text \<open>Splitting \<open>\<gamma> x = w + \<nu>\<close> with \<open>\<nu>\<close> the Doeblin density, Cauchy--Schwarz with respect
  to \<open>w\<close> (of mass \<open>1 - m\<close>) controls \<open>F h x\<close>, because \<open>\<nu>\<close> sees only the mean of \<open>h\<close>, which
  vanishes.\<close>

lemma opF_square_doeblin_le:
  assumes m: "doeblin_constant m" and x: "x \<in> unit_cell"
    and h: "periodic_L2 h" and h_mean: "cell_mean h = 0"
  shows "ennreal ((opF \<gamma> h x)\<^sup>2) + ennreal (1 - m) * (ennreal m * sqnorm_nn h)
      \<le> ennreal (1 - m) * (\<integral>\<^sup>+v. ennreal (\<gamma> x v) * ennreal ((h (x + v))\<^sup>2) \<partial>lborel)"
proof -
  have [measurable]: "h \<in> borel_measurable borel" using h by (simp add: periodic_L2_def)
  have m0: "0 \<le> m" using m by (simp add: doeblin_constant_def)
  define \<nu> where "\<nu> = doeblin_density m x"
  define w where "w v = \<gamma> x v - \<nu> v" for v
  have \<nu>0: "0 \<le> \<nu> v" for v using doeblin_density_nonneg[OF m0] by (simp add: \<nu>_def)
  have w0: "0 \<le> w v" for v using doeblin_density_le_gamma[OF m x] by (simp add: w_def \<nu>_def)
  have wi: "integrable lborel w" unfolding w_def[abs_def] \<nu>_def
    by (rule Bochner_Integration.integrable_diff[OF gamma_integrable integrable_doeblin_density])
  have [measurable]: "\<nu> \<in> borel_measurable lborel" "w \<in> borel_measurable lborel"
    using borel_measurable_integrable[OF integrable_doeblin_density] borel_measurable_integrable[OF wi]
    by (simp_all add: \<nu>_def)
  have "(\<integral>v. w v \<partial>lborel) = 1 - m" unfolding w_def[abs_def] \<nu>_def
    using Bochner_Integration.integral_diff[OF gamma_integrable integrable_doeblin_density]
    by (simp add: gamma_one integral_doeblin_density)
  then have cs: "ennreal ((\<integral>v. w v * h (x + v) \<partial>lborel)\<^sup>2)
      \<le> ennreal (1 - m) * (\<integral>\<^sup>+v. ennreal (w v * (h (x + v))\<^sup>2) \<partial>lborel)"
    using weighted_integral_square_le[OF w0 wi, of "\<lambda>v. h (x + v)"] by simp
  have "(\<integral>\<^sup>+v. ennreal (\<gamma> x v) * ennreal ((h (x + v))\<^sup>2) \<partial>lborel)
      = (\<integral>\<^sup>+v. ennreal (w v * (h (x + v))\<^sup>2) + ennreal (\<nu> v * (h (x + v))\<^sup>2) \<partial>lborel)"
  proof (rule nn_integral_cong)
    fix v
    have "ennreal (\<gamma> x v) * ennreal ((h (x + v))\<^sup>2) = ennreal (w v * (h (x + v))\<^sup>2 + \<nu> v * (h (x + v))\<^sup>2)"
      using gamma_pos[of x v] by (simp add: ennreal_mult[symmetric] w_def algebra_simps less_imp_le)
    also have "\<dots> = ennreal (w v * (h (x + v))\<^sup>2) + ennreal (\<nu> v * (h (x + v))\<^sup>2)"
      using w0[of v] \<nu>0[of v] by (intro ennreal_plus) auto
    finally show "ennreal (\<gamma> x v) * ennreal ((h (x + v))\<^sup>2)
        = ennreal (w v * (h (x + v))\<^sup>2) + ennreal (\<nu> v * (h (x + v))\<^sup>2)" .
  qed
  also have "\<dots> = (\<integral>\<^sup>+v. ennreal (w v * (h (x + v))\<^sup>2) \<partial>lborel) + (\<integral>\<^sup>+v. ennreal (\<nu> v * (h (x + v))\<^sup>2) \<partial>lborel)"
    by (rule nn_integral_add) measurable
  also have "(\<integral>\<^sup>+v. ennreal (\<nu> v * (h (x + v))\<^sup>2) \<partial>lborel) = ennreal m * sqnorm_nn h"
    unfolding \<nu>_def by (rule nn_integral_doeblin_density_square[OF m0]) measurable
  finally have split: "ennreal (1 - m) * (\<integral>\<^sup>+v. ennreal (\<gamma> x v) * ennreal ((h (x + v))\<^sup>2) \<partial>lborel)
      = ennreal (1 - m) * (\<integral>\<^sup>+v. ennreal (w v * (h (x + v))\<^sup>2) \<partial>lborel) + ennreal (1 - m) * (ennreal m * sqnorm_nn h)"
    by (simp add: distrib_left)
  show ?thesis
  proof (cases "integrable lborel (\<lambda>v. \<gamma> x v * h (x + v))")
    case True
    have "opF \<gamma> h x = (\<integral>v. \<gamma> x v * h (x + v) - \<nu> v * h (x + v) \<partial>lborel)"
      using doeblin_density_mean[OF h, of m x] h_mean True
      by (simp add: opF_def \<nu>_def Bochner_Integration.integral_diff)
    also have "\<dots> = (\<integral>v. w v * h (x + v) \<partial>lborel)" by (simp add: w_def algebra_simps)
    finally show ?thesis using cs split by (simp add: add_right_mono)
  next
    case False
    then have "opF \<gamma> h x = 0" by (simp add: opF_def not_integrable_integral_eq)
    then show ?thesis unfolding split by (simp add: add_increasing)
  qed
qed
-------
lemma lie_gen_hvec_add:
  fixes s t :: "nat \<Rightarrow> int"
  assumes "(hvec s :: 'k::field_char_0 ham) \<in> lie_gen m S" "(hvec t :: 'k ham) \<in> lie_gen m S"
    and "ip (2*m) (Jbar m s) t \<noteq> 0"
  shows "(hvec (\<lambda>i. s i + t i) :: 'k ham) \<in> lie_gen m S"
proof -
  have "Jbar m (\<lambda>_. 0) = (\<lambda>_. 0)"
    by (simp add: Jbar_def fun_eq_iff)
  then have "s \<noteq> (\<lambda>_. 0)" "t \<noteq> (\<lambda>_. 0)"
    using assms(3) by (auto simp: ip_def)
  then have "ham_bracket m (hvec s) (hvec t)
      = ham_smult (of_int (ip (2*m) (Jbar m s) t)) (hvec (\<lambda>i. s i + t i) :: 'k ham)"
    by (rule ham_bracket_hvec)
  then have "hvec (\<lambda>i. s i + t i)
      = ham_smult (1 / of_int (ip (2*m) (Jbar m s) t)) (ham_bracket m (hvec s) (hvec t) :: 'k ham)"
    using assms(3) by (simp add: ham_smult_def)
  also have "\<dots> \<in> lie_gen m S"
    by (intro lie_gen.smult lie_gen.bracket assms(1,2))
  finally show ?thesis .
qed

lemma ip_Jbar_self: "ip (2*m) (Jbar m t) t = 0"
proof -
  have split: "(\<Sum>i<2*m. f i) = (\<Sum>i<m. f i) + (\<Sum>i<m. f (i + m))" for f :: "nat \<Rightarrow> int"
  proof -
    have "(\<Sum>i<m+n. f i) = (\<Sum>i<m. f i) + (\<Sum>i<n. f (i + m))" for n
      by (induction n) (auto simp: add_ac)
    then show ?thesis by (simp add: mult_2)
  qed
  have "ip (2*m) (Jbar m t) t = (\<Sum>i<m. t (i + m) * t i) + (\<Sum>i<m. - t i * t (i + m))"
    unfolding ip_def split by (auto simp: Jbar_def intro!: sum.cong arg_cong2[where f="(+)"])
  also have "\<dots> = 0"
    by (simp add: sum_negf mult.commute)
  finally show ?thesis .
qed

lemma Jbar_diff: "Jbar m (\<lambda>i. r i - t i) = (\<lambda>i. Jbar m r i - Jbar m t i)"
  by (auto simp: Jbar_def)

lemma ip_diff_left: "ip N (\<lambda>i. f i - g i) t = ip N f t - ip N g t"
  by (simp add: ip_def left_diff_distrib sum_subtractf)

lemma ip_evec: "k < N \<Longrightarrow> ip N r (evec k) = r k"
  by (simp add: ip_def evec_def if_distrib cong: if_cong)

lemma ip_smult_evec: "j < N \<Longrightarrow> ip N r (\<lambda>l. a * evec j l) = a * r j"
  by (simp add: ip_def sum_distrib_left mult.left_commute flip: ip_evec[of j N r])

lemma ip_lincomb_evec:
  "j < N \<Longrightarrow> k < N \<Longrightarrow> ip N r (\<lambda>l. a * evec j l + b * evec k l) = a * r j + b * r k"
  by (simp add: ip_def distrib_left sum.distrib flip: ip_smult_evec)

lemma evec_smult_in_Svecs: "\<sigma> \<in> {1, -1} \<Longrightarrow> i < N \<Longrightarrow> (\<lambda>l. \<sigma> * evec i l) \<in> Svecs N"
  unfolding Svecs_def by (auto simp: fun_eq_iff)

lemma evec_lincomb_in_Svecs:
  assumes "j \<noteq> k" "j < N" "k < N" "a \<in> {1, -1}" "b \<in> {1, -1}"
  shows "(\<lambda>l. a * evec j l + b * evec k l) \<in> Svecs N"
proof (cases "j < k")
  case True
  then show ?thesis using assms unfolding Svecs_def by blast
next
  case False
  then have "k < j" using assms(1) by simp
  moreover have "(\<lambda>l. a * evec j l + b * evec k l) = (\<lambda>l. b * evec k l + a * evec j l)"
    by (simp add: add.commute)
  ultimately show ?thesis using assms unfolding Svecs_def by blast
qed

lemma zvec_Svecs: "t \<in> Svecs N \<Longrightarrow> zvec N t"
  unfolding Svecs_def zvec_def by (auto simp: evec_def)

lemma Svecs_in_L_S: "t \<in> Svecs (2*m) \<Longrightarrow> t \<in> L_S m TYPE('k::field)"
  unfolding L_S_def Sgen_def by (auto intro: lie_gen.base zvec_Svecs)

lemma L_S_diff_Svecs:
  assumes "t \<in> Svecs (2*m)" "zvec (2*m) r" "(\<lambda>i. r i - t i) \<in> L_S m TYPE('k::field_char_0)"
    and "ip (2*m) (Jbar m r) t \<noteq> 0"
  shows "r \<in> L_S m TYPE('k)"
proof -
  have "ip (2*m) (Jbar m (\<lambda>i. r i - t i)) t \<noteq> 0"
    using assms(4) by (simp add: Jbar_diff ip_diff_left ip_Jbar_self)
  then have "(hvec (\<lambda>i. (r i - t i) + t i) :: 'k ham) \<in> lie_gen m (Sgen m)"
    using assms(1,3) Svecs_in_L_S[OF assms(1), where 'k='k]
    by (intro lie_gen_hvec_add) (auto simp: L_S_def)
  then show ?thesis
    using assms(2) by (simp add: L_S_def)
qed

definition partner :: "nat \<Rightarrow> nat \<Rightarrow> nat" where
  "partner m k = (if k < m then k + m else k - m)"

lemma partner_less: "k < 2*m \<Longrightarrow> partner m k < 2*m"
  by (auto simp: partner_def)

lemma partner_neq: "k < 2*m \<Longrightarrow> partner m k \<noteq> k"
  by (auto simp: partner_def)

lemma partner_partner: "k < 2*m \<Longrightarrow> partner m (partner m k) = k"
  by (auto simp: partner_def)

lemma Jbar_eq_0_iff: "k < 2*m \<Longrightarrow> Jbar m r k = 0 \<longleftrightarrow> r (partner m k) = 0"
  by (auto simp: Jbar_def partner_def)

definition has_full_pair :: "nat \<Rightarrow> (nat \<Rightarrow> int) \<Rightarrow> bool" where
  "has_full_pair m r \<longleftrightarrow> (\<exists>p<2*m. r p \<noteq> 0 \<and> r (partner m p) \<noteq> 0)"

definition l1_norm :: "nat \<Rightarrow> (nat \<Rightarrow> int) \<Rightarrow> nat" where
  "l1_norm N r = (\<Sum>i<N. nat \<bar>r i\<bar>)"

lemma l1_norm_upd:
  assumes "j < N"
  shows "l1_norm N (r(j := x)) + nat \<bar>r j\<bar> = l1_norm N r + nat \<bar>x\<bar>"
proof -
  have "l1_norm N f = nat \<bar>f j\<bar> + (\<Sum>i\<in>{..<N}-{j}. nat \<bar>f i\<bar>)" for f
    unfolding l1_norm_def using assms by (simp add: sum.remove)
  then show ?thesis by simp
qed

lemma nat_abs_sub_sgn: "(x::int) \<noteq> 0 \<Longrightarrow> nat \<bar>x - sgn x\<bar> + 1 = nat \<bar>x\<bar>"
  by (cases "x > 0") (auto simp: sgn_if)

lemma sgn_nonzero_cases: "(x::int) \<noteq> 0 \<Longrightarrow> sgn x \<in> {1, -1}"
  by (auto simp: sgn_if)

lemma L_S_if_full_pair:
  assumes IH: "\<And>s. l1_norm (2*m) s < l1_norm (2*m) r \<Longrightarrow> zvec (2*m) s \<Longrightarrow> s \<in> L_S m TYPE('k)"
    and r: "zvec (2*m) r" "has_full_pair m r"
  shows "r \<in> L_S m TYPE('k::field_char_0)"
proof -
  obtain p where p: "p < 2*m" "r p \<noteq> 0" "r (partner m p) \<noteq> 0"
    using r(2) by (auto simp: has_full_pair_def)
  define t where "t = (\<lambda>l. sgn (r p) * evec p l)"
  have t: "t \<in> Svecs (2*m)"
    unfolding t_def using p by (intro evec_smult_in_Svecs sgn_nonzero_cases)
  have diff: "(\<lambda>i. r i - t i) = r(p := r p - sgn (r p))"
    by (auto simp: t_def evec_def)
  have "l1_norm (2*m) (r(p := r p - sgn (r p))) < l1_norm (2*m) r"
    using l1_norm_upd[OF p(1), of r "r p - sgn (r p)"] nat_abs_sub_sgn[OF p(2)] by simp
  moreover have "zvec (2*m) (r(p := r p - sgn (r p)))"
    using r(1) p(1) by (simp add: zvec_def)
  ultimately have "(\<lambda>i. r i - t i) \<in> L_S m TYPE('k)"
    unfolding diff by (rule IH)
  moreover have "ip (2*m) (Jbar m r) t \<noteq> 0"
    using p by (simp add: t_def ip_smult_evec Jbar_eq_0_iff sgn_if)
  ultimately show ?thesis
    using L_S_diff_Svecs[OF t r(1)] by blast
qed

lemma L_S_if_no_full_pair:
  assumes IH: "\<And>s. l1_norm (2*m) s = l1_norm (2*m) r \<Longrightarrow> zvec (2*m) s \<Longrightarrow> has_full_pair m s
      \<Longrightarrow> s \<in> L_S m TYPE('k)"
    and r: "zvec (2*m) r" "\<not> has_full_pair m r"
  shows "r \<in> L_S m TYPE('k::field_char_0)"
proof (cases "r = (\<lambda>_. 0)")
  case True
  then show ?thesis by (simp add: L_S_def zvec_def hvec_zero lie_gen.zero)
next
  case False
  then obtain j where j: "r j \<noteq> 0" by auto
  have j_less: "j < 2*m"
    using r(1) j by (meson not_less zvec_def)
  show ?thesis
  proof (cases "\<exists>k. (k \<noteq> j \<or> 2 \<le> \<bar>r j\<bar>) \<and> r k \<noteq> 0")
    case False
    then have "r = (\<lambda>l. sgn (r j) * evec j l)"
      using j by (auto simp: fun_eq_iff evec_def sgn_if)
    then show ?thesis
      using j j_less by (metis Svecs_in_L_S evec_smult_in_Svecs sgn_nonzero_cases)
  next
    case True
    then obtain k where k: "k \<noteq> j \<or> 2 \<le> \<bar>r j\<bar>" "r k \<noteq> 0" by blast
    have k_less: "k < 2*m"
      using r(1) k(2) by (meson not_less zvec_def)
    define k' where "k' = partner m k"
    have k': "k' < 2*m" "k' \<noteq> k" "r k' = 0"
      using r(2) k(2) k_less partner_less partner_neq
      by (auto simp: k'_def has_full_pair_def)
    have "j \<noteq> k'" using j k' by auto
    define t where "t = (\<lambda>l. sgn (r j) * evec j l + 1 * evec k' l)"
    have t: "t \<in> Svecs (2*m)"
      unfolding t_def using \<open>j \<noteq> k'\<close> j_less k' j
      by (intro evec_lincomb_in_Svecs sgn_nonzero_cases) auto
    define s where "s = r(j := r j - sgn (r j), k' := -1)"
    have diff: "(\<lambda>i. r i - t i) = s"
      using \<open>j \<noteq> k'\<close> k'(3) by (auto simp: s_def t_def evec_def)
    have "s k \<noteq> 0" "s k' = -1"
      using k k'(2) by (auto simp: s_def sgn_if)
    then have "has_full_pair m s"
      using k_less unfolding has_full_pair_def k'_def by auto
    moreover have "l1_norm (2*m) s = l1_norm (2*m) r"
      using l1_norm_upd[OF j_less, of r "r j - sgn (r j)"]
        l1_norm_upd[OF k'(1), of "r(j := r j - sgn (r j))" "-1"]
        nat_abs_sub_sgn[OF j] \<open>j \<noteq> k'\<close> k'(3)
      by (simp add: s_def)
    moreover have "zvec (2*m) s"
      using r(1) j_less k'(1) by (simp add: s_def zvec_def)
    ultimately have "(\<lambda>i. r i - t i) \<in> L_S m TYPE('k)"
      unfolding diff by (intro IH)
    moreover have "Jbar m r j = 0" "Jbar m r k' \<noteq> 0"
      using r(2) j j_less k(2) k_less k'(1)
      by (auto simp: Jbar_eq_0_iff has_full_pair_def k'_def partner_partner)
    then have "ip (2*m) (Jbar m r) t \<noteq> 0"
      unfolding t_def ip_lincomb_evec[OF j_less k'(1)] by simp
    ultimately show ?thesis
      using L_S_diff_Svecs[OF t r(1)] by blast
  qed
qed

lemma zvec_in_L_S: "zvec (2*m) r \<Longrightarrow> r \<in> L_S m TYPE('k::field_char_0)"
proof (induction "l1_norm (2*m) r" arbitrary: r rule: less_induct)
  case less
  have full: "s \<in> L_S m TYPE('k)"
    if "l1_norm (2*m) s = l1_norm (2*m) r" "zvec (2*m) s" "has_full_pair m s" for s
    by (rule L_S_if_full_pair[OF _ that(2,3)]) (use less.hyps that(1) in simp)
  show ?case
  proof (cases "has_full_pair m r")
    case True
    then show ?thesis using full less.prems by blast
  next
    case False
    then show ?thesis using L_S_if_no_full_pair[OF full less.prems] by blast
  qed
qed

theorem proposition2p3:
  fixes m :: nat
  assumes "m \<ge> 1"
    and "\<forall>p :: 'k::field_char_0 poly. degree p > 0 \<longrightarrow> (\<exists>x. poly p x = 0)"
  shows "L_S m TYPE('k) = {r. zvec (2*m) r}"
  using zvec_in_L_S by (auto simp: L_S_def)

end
-------
_Activity_: Exact duplication is required for the lines above, from the line that contains "v))\<^sup>2) = ennreal" to the line that contains "unfolding \<nu>_def by", inclusive; omit all others.

_Answer to the exercise_:
    have "ennreal (\<gamma> x v) * ennreal ((h (x + v))\<^sup>2) = ennreal (w v * (h (x + v))\<^sup>2 + \<nu> v * (h (x + v))\<^sup>2)"
      using gamma_pos[of x v] by (simp add: ennreal_mult[symmetric] w_def algebra_simps less_imp_le)
    also have "\<dots> = ennreal (w v * (h (x + v))\<^sup>2) + ennreal (\<nu> v * (h (x + v))\<^sup>2)"
      using w0[of v] \<nu>0[of v] by (intro ennreal_plus) auto
    finally show "ennreal (\<gamma> x v) * ennreal ((h (x + v))\<^sup>2)
        = ennreal (w v * (h (x + v))\<^sup>2) + ennreal (\<nu> v * (h (x + v))\<^sup>2)" .
  qed
  also have "\<dots> = (\<integral>\<^sup>+v. ennreal (w v * (h (x + v))\<^sup>2) \<partial>lborel) + (\<integral>\<^sup>+v. ennreal (\<nu> v * (h (x + v))\<^sup>2) \<partial>lborel)"
    by (rule nn_integral_add) measurable
  also have "(\<integral>\<^sup>+v. ennreal (\<nu> v * (h (x + v))\<^sup>2) \<partial>lborel) = ennreal m * sqnorm_nn h"
    unfolding \<nu>_def by (rule nn_integral_doeblin_density_square[OF m0]) measurable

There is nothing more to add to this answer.